> **Task requirements**
Once you reach the line that holds "(* Both parts" in the listing below, output it and every line after it through the line that holds "tangent-plane bound, and", word for word.

> **Entries provided**
(* (1) With $\mathbf a=v\mathbf c$, the function $$\tilde G(\mathbf a,v)=\sum_{k=1}^N\Big(a_k\big(\ln\tfrac{a_k}{v c_k^{\rm e}}-1+q_k\big)+vc_k^{\rm e}\Big)+A\Big(\ln\tfrac{A}{v}-1\Big),\qquad (\mathbf a,v)\in[0,\infty)^N\times(0,\infty)$$ (with $0\ln 0=0$) has positive definite Hessian at every point of $(0,\infty)^{N+1}$, and is convex. (2) Suppose $f(\phi_{\min})<0$ and let $(\mathbf c^*,v^*,\phi^* )$ be the unique steady state of the linear pump-leak system. Then $(\mathbf c^*,v^* )$ is the unique minimizer of $\tilde G(\mathbf c,v)=v\sum_k\big(c_k(\ln(c_k/c_k^{\rm e})-1+q_k)+c_k^{\rm e}\big)+A(\ln(A/v)-1)$ over the set $\overline{\mathcal S}=\{(\mathbf c,v)\in[0,\infty)^N\times(0,\infty):\sum_kz_kc_k+zA/v=0\}$.
   Context: Fix an integer $N\ge2$, real valences $z_1,\dots,z_N$ not all zero, positive constants $c_k^{\rm e}$ with $\sum_kz_kc_k^{\rm e}=0$, $A>0$, $z\in\mathbb R$. Let $L$ be a real symmetric positive definite $N\times N$ matrix, $\mathbf p\in\mathbb R^N$ constant, $\zeta>0$, $\mathbf q=(q_k)=L^{-1}\mathbf p$, and $f(\phi)=\sum_kc_k^{\rm e}(\exp(-q_k-z_k\phi)-1)$, which has a unique minimizer $\phi_{\min}$ on $\mathbb R$. For $\mathbf c\in(0,\infty)^N$, $v>0$, $\phi\in\mathbb R$: $\mu_k=\ln(c_k/c_k^{\rm e})+z_k\phi$, $\pi_{\rm w}=\sum_kc_k^{\rm e}-(\sum_kc_k+A/v)$. The linear pump-leak system is $\frac{d}{dt}(v\mathbf c)=-L\boldsymbol\mu-\mathbf p$, $0=\sum_kz_kc_k+zA/v$, $\frac{dv}{dt}=-\zeta\pi_{\rm w}$; a steady state is a point $(\mathbf c,v,\phi)\in(0,\infty)^N\times(0,\infty)\times\mathbb R$ with the constraint holding, $L\boldsymbol\mu+\mathbf p=0$ and $\pi_{\rm w}=0$; when $f(\phi_{\min})<0$ it exists and is unique. *)

theory Defs
  imports "HOL-Analysis.Analysis"
begin

text \<open>Species are indexed by a finite type 'n (N = CARD('n)); vectors in R^N are real^'n.\<close>

definition hessian_pos_def_at :: "('a::real_normed_vector \<Rightarrow> real) \<Rightarrow> 'a \<Rightarrow> bool" where
  "hessian_pos_def_at f x \<longleftrightarrow>
     (\<exists>Df :: 'a \<Rightarrow> ('a \<Rightarrow>\<^sub>L real). \<exists>D2f :: 'a \<Rightarrow> ('a \<Rightarrow>\<^sub>L real).
        (\<forall>\<^sub>F y in nhds x. (f has_derivative blinfun_apply (Df y)) (at y)) \<and>
        (Df has_derivative D2f) (at x) \<and>
        (\<forall>h. h \<noteq> 0 \<longrightarrow> blinfun_apply (D2f h) h > 0))"

definition Gt_a :: "real^'n \<Rightarrow> real^'n \<Rightarrow> real \<Rightarrow> ((real^'n) \<times> real) \<Rightarrow> real" where
  "Gt_a ce q A av = (let a = fst av; v = snd av in
     (\<Sum>k\<in>UNIV. a$k * (ln (a$k / (v * ce$k)) - 1 + q$k) + v * ce$k) + A * (ln (A / v) - 1))"

definition Gt_c :: "real^'n \<Rightarrow> real^'n \<Rightarrow> real \<Rightarrow> real^'n \<Rightarrow> real \<Rightarrow> real" where
  "Gt_c ce q A c v =
     v * (\<Sum>k\<in>UNIV. c$k * (ln (c$k / ce$k) - 1 + q$k) + ce$k) + A * (ln (A / v) - 1)"

definition Sbar :: "real^'n \<Rightarrow> real \<Rightarrow> real \<Rightarrow> ((real^'n) \<times> real) set" where
  "Sbar zv z A = {(c, v). (\<forall>k. c$k \<ge> 0) \<and> v > 0 \<and> (\<Sum>k\<in>UNIV. zv$k * c$k) + z * A / v = 0}"

definition mu :: "real^'n \<Rightarrow> real^'n \<Rightarrow> real^'n \<Rightarrow> real \<Rightarrow> real^'n" where
  "mu zv ce c phi = (\<chi> k. ln (c$k / ce$k) + zv$k * phi)"

definition pi_w :: "real^'n \<Rightarrow> real \<Rightarrow> real^'n \<Rightarrow> real \<Rightarrow> real" where
  "pi_w ce A c v = (\<Sum>k\<in>UNIV. ce$k) - ((\<Sum>k\<in>UNIV. c$k) + A / v)"

definition steady_state ::
  "real^'n \<Rightarrow> real^'n \<Rightarrow> real \<Rightarrow> real \<Rightarrow> real^'n^'n \<Rightarrow> real^'n \<Rightarrow> real^'n \<Rightarrow> real \<Rightarrow> real \<Rightarrow> bool" where
  "steady_state zv ce A z L p c v phi \<longleftrightarrow>
     (\<forall>k. c$k > 0) \<and> v > 0 \<and>
     (\<Sum>k\<in>UNIV. zv$k * c$k) + z * A / v = 0 \<and>
     L *v mu zv ce c phi + p = 0 \<and>
     pi_w ce A c v = 0"

definition f_fun :: "real^'n \<Rightarrow> real^'n \<Rightarrow> real^'n \<Rightarrow> real \<Rightarrow> real" where
  "f_fun zv ce q phi = (\<Sum>k\<in>UNIV. ce$k * (exp (- q$k - zv$k * phi) - 1))"

end

theory Submission
  imports Defs
begin

(* Both parts rest on the scalar relative entropy x ln(x/y) - x + y, which is nonnegative and
   vanishes only for x = y.

   (1) In the variables (a, v) = (v c, v) the energy G tilde is a sum of perspective functions
   (x, w) \<mapsto> x ln(x/w) plus affine terms. Joint convexity of the perspective follows from the
   tangent-plane bound, and gives convexity of G tilde on [0,\<infinity>)^N \<times> (0,\<infinity>). For the Hessian
   we compute the gradient and its derivative explicitly and observe that the Hessian quadratic
   form is \<Sum>_k a_k (h_k/a_k - t/v)\<^sup>2 + A (t/v)\<^sup>2, which is positive for h \<noteq> 0.

   (2) At a steady state, positive definiteness of L gives \<mu> = -q, i.e. chemical equilibrium,
   and \<pi>_w = 0 gives osmotic balance. Using these and electroneutrality, on the constraint set
   G(c, v) - G(c_s, v_s) = v \<Sum>_k RE(c_k, c_s_k) + (A/v_s) RE(v_s, v) with RE the relative entropy,
   which is strictly positive unless (c, v) = (c_s, v_s). *)

(* The scalar relative entropy x ln(x/y) - x + y (with 0 ln 0 = 0); every inequality below
   reduces to its nonnegativity. *)
definition rel_entropy :: "real \<Rightarrow> real \<Rightarrow> real" where
  "rel_entropy x y = x * ln (x / y) - x + y"

lemma rel_entropy_self [simp]: "rel_entropy y y = 0"
  by (cases "y = 0") (simp_all add: rel_entropy_def)

(* Strict positivity away from the diagonal: the strict form of ln t < t - 1 for t \<noteq> 1. *)
lemma rel_entropy_pos:
  fixes x y :: real
  assumes "x \<ge> 0" "y > 0" "x \<noteq> y"
  shows "rel_entropy x y > 0"
proof (cases "x = 0")
  case True
  then show ?thesis using assms by (simp add: rel_entropy_def)
next
  case False
  then have x: "x > 0" using assms by simp
  have "ln y - ln x < (y - x) / x" using ln_diff_less x assms by simp
  then have "x * (ln y - ln x) < y - x" using x by (simp add: field_simps)
  then show ?thesis using x assms by (simp add: rel_entropy_def ln_div algebra_simps)
qed

lemma rel_entropy_nonneg:
  fixes x y :: real
  assumes "x \<ge> 0" "y > 0"
  shows "rel_entropy x y \<ge> 0"
  using rel_entropy_pos[OF assms] by (cases "x = y") auto

lemma xlnx_tangent:
  fixes x w m W :: real
  assumes "x \<ge> 0" "w > 0" "m > 0" "W > 0"
  shows "x * ln (x / w) \<ge> x * ln (m / W) + x - m * w / W"
proof -
  have "x * ln (x / (w * m / W)) = x * ln (x / w) - x * ln (m / W)"
  proof (cases "x = 0")
    case False
    then show ?thesis using assms by (simp add: ln_div ln_mult algebra_simps)
  qed simp
  then have "rel_entropy x (w * m / W) = x * ln (x / w) - (x * ln (m / W) + x - m * w / W)"
    by (simp add: rel_entropy_def)
  moreover have "rel_entropy x (w * m / W) \<ge> 0"
    by (rule rel_entropy_nonneg) (use assms in auto)
  ultimately show ?thesis by simp
qed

> **Response for this exercise**
(* Both parts rest on the scalar relative entropy x ln(x/y) - x + y, which is nonnegative and
   vanishes only for x = y.

   (1) In the variables (a, v) = (v c, v) the energy G tilde is a sum of perspective functions
   (x, w) \<mapsto> x ln(x/w) plus affine terms. Joint convexity of the perspective follows from the
   tangent-plane bound, and gives convexity of G tilde on [0,\<infinity>)^N \<times> (0,\<infinity>). For the Hessian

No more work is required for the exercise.